What is expected: A verbatim copy of the lines starting at the one with "w = d11 h v w)" and ending at the last line below is required; include nothing else.

Entries shown:

________________________________________

(* Let $M$ be a smooth $2n$-dimensional manifold, $\pi:E\to M$ the bundle of almost-complex structures, $\theta_1=j^1_pS\in J^1\pi$, $\theta_0=S(p)$. For any two horizontal subspaces $H,\tilde H\subset\mathcal A_{\theta_1}$ one has $\omega_H-\omega_{\tilde H}\in\partial_{1,1}(g_{\theta_0}\otimes T_p^*M)$. Consequently the class $$\chi(\theta_1)=\omega_H+\partial_{1,1}(g_{\theta_0}\otimes T_p^*M)\in H^{0,2}(g_{\theta_0})$$ does not depend on the choice of the horizontal subspace $H$ of $\mathcal A_{\theta_1}$.
   Context: $\tau:TM\otimes T^*M\to M$ is the bundle of $(1,1)$-tensors, $E=\{\theta:\theta^2=-\mathrm{id}\}$, $\pi=\tau|_E$, $J^1\pi$ its $1$-jet bundle. For a vector field $X$, $X^{(0)}$ is the vector field on $TM\otimes T^*M$ generated by the natural lift of its flow (conjugation of $(1,1)$-tensors by the differential); in coordinates $X^{(0)}=X^i\partial_{x^i}+(\partial_sX^i\,u^s_j-u^i_s\,\partial_jX^s)\partial_{u^i_j}$. $\mathcal K_{\theta_1}$ is the tangent space at $\theta_0$ to the image of $S$; $\mathcal A_{\theta_1}=\{j^1_pX: X^{(0)}_{\theta_0}\in\mathcal K_{\theta_1}\}$, a subspace of the space $J^1_p\xi$ of $1$-jets at $p$ of vector fields; $\xi_{1,0}:J^1_p\xi\to T_pM$, $j^1_pX\mapsto X_p$. A $2n$-dimensional $H\subset\mathcal A_{\theta_1}$ is horizontal if $\xi_{1,0}|_H$ is an isomorphism onto $T_pM$. The bracket $[j^1_pX,j^1_pY]=[X,Y]_p$ is a well-defined bilinear map $J^1_p\xi\times J^1_p\xi\to T_pM$, and $\omega_H\in T_pM\otimes\wedge^2T_p^*M$ is $\omega_H(X_p,Y_p)=[(\xi_{1,0}|_H)^{-1}X_p,(\xi_{1,0}|_H)^{-1}Y_p]$. $g_{\theta_0}=\{A\in\mathrm{End}(T_pM):A\theta_0=\theta_0A\}$; $\partial_{1,1}:g_{\theta_0}\otimes T_p^*M\to T_pM\otimes\wedge^2T_p^*M$, $\partial_{1,1}(h)(X,Y)=h(X)(Y)-h(Y)(X)$; $H^{0,2}(g_{\theta_0})=(T_pM\otimes\wedge^2T_p^*M)/\partial_{1,1}(g_{\theta_0}\otimes T_p^*M)$. *)

theory Defs
  imports "HOL-Analysis.Analysis"
begin

text \<open>Everything is pointwise at p, in a chart: T_pM = real^'n, (1,1)-tensors at p are
  matrices real^'n^'n. A 1-jet at p of a vector field X is the pair (X p, DX p) where the
  matrix entry (DX p) $ i $ s is the partial derivative d_s X^i at p.\<close>

type_synonym 'n jet1 = "(real^'n) \<times> (real^'n^'n)"

definition xi10 :: "'n::finite jet1 \<Rightarrow> real^'n" where
  "xi10 j = fst j"

definition jet_bracket :: "'n::finite jet1 \<Rightarrow> 'n jet1 \<Rightarrow> real^'n" where
  "jet_bracket j k = (snd k *v fst j) - (snd j *v fst k)"

text \<open>X^(0) at theta0, in coordinates (x,u): (X^i, d_s X^i u^s_j - u^i_s d_j X^s)\<close>
definition natural_lift :: "real^'n^'n \<Rightarrow> 'n::finite jet1 \<Rightarrow> (real^'n) \<times> (real^'n^'n)" where
  "natural_lift \<theta>0 j = (fst j, snd j ** \<theta>0 - \<theta>0 ** snd j)"

text \<open>K: tangent space at theta0 = S p of the image x |-> (x, S x) of the section S\<close>
definition K_space :: "(real^'n \<Rightarrow> real^'n^'n) \<Rightarrow> real^'n::finite \<Rightarrow> ((real^'n) \<times> (real^'n^'n)) set" where
  "K_space S p = range (\<lambda>v. (v, frechet_derivative S (at p) v))"

definition A_space :: "(real^'n \<Rightarrow> real^'n^'n) \<Rightarrow> real^'n::finite \<Rightarrow> 'n jet1 set" where
  "A_space S p = {j. natural_lift (S p) j \<in> K_space S p}"

definition horizontal :: "(real^'n \<Rightarrow> real^'n^'n) \<Rightarrow> real^'n::finite \<Rightarrow> 'n jet1 set \<Rightarrow> bool" where
  "horizontal S p H \<longleftrightarrow> subspace H \<and> H \<subseteq> A_space S p \<and> dim H = CARD('n)
      \<and> bij_betw xi10 H (UNIV :: (real^'n) set)"

definition omega :: "'n::finite jet1 set \<Rightarrow> real^'n \<Rightarrow> real^'n \<Rightarrow> real^'n" where
  "omega H v w = jet_bracket (inv_into H xi10 v) (inv_into H xi10 w)"

text \<open>g_theta0 tensor T_p^*M: linear maps h from T_pM into g_theta0\<close>
definition g_tensor :: "real^'n^'n \<Rightarrow> (real^'n::finite \<Rightarrow> real^'n^'n) set" where
  "g_tensor \<theta>0 = {h. linear h \<and> (\<forall>v. h v ** \<theta>0 = \<theta>0 ** h v)}"

definition d11 :: "(real^'n::finite \<Rightarrow> real^'n^'n) \<Rightarrow> real^'n \<Rightarrow> real^'n \<Rightarrow> real^'n" where
  "d11 h X Y = h X *v Y - h Y *v X"

text \<open>The class in H^{0,2}: the coset omega + d11(g tensor T^*)\<close>
definition H02_class :: "real^'n^'n \<Rightarrow> (real^'n::finite \<Rightarrow> real^'n \<Rightarrow> real^'n)
     \<Rightarrow> (real^'n \<Rightarrow> real^'n \<Rightarrow> real^'n) set" where
  "H02_class \<theta>0 \<omega> = {\<lambda>v w. \<omega> v w + d11 h v w | h. h \<in> g_tensor \<theta>0}"

end

theory Submission
  imports Defs
begin

text \<open>A horizontal subspace H is the graph of a linear map v \<mapsto> G_H v over T_pM, and membership
  in A forces the commutator [G_H v, \<theta>0] to equal the derivative of S in direction v, a quantity
  independent of H. So G_H' - G_H commutes with \<theta>0, i.e. lies in g_\<theta>0 \<otimes> T_p*M, and since
  \<omega>_H(v,w) = G_H w v - G_H v w, the difference \<omega>_H - \<omega>_H' is \<partial>_1,1(G_H' - G_H).\<close>

lemma matrix_add_rdistrib: "((A::real^'n::finite^'m::finite) + B) ** C = A ** C + B ** C"
  by (simp add: vec_eq_iff matrix_matrix_mult_def sum.distrib distrib_right)

lemma matrix_diff_rdistrib: "((A::real^'n::finite^'m::finite) - B) ** C = A ** C - B ** C"
  by (simp add: vec_eq_iff matrix_matrix_mult_def sum_subtractf left_diff_distrib)

lemma matrix_diff_ldistrib: "(C::real^'n::finite^'m::finite) ** (A - B) = C ** A - C ** B"
  by (simp add: vec_eq_iff matrix_matrix_mult_def sum_subtractf right_diff_distrib)

definition horizontal_matrix :: "'n::finite jet1 set \<Rightarrow> real^'n \<Rightarrow> real^'n^'n" where
  "horizontal_matrix H v = snd (inv_into H xi10 v)"

lemma horizontal_inv_into:
  assumes "horizontal S p H"
  shows "inv_into H xi10 v \<in> H" "inv_into H xi10 v = (v, horizontal_matrix H v)"
proof -
  have bij: "bij_betw xi10 H UNIV" using assms unfolding horizontal_def by blast
  show "inv_into H xi10 v \<in> H"
    using bij by (auto intro: inv_into_into simp: bij_betw_def)
  have "fst (inv_into H xi10 v) = v"
    using bij_betw_inv_into_right[OF bij] by (simp add: xi10_def)
  then show "inv_into H xi10 v = (v, horizontal_matrix H v)"
    unfolding horizontal_matrix_def by (metis prod.collapse)
qed

lemma linear_horizontal_matrix:
  assumes "horizontal S p H"
  shows "linear (horizontal_matrix H)"
proof -
  have sub: "subspace H" and inj: "inj_on xi10 H"
    using assms unfolding horizontal_def bij_betw_def by auto
  note lift = horizontal_inv_into[OF assms]
  have add: "inv_into H xi10 (v + w) = inv_into H xi10 v + inv_into H xi10 w" for v w
    by (rule inv_into_f_eq[OF inj]) (use subspace_add[OF sub lift(1) lift(1)] in \<open>auto simp: lift(2) xi10_def\<close>)
  have scale: "inv_into H xi10 (c *\<^sub>R v) = c *\<^sub>R inv_into H xi10 v" for c v
    by (rule inv_into_f_eq[OF inj]) (use subspace_scale[OF sub lift(1)] in \<open>auto simp: lift(2) xi10_def\<close>)
  show ?thesis
    by (rule linearI) (simp_all add: horizontal_matrix_def add scale)
qed

lemma horizontal_matrix_commutator:
  assumes "horizontal S p H"
  shows "horizontal_matrix H v ** S p - S p ** horizontal_matrix H v
         = frechet_derivative S (at p) v"
proof -
  have "inv_into H xi10 v \<in> A_space S p"
    using horizontal_inv_into(1)[OF assms] assms unfolding horizontal_def by blast
  then show ?thesis
    unfolding A_space_def natural_lift_def K_space_def horizontal_inv_into(2)[OF assms] by auto
qed

lemma omega_horizontal_matrix:
  assumes "horizontal S p H"
  shows "omega H v w = horizontal_matrix H w *v v - horizontal_matrix H v *v w"
  unfolding omega_def jet_bracket_def horizontal_inv_into(2)[OF assms] by simp

lemma horizontal_matrix_diff_in_g_tensor:
  assumes "horizontal S p H" and "horizontal S p H'"
  shows "(\<lambda>v. horizontal_matrix H' v - horizontal_matrix H v) \<in> g_tensor (S p)"
proof -
  have "(horizontal_matrix H' v - horizontal_matrix H v) ** S p
        = S p ** (horizontal_matrix H' v - horizontal_matrix H v)" for v
    using horizontal_matrix_commutator[OF assms(1), of v] horizontal_matrix_commutator[OF assms(2), of v]
    by (simp add: matrix_diff_rdistrib matrix_diff_ldistrib algebra_simps)
  then show ?thesis
    unfolding g_tensor_def
    using linear_horizontal_matrix[OF assms(1)] linear_horizontal_matrix[OF assms(2)]
    by (auto intro: linear_compose_sub)
qed

lemma omega_diff_eq_d11:
  assumes "horizontal S p H" and "horizontal S p H'"
  shows "\<exists>h\<in>g_tensor (S p). \<forall>v w. omega H v w - omega H' v w = d11 h v w"
proof
  show "\<forall>v w. omega H v w - omega H' v w
          = d11 (\<lambda>v. horizontal_matrix H' v - horizontal_matrix H v) v w"
    by (simp add: omega_horizontal_matrix[OF assms(1)] omega_horizontal_matrix[OF assms(2)]
        d11_def matrix_vector_mult_diff_rdistrib)
qed (rule horizontal_matrix_diff_in_g_tensor[OF assms])

lemma g_tensor_add:
  "h \<in> g_tensor \<theta> \<Longrightarrow> k \<in> g_tensor \<theta> \<Longrightarrow> (\<lambda>v. h v + k v) \<in> g_tensor \<theta>"
  unfolding g_tensor_def
  by (auto intro: linear_compose_add simp: matrix_add_rdistrib matrix_add_ldistrib)

lemma d11_add: "d11 (\<lambda>v. h v + k v) v w = d11 h v w + d11 k v w"
  unfolding d11_def by (simp add: matrix_vector_mult_add_rdistrib)

lemma H02_class_subset:
  assumes "h \<in> g_tensor \<theta>" and "\<forall>v w. \<omega> v w - \<omega>' v w = d11 h v w"
  shows "H02_class \<theta> \<omega> \<subseteq> H02_class \<theta> \<omega>'"
proof
  fix f assume "f \<in> H02_class \<theta> \<omega>"
  then obtain k where k: "k \<in> g_tensor \<theta>" and f: "f = (\<lambda>v w. \<omega> v w + d11 k v w)"
    unfolding H02_class_def by blast
  have "f = (\<lambda>v w. \<omega>' v w + d11 (\<lambda>v. h v + k v) v w)"
    unfolding f fun_eq_iff d11_add using assms(2) by (metis add.assoc diff_add_cancel add.commute)
  then show "f \<in> H02_class \<theta> \<omega>'"
    unfolding H02_class_def using g_tensor_add[OF assms(1) k] by blast
qed

theorem mainTheorem5:
  fixes S :: "real^'n::finite \<Rightarrow> real^'n^'n" and U :: "(real^'n) set" and p :: "real^'n"
    and H H' :: "'n jet1 set"
  assumes "even CARD('n)"
    and "open U" and "p \<in> U"
    and "S differentiable_on U"
    and "\<forall>x\<in>U. S x ** S x = - mat 1"
    and "horizontal S p H" and "horizontal S p H'"
  shows "(\<exists>h\<in>g_tensor (S p). \<forall>v w. omega H v w - omega H' v w = d11 h v w)
       \<and> H02_class (S p) (omega H) = H02_class (S p) (omega H')"
proof -
  have "\<exists>h\<in>g_tensor (S p). \<forall>v w. omega H v w - omega H' v w = d11 h v w"
    using omega_diff_eq_d11[OF assms(6,7)] .
  moreover have "\<exists>h\<in>g_tensor (S p). \<forall>v w. omega H' v w - omega H v w = d11 h v w"
    using omega_diff_eq_d11[OF assms(7,6)] .
  ultimately show ?thesis
    using H02_class_subset by (metis subset_antisym)
qed

end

________________________________________

Task output:
  shows "(\<exists>h\<in>g_tensor (S p). \<forall>v w. omega H v w - omega H' v w = d11 h v w)
       \<and> H02_class (S p) (omega H) = H02_class (S p) (omega H')"
proof -
  have "\<exists>h\<in>g_tensor (S p). \<forall>v w. omega H v w - omega H' v w = d11 h v w"
    using omega_diff_eq_d11[OF assms(6,7)] .
  moreover have "\<exists>h\<in>g_tensor (S p). \<forall>v w. omega H' v w - omega H v w = d11 h v w"
    using omega_diff_eq_d11[OF assms(7,6)] .
  ultimately show ?thesis
    using H02_class_subset by (metis subset_antisym)
qed

end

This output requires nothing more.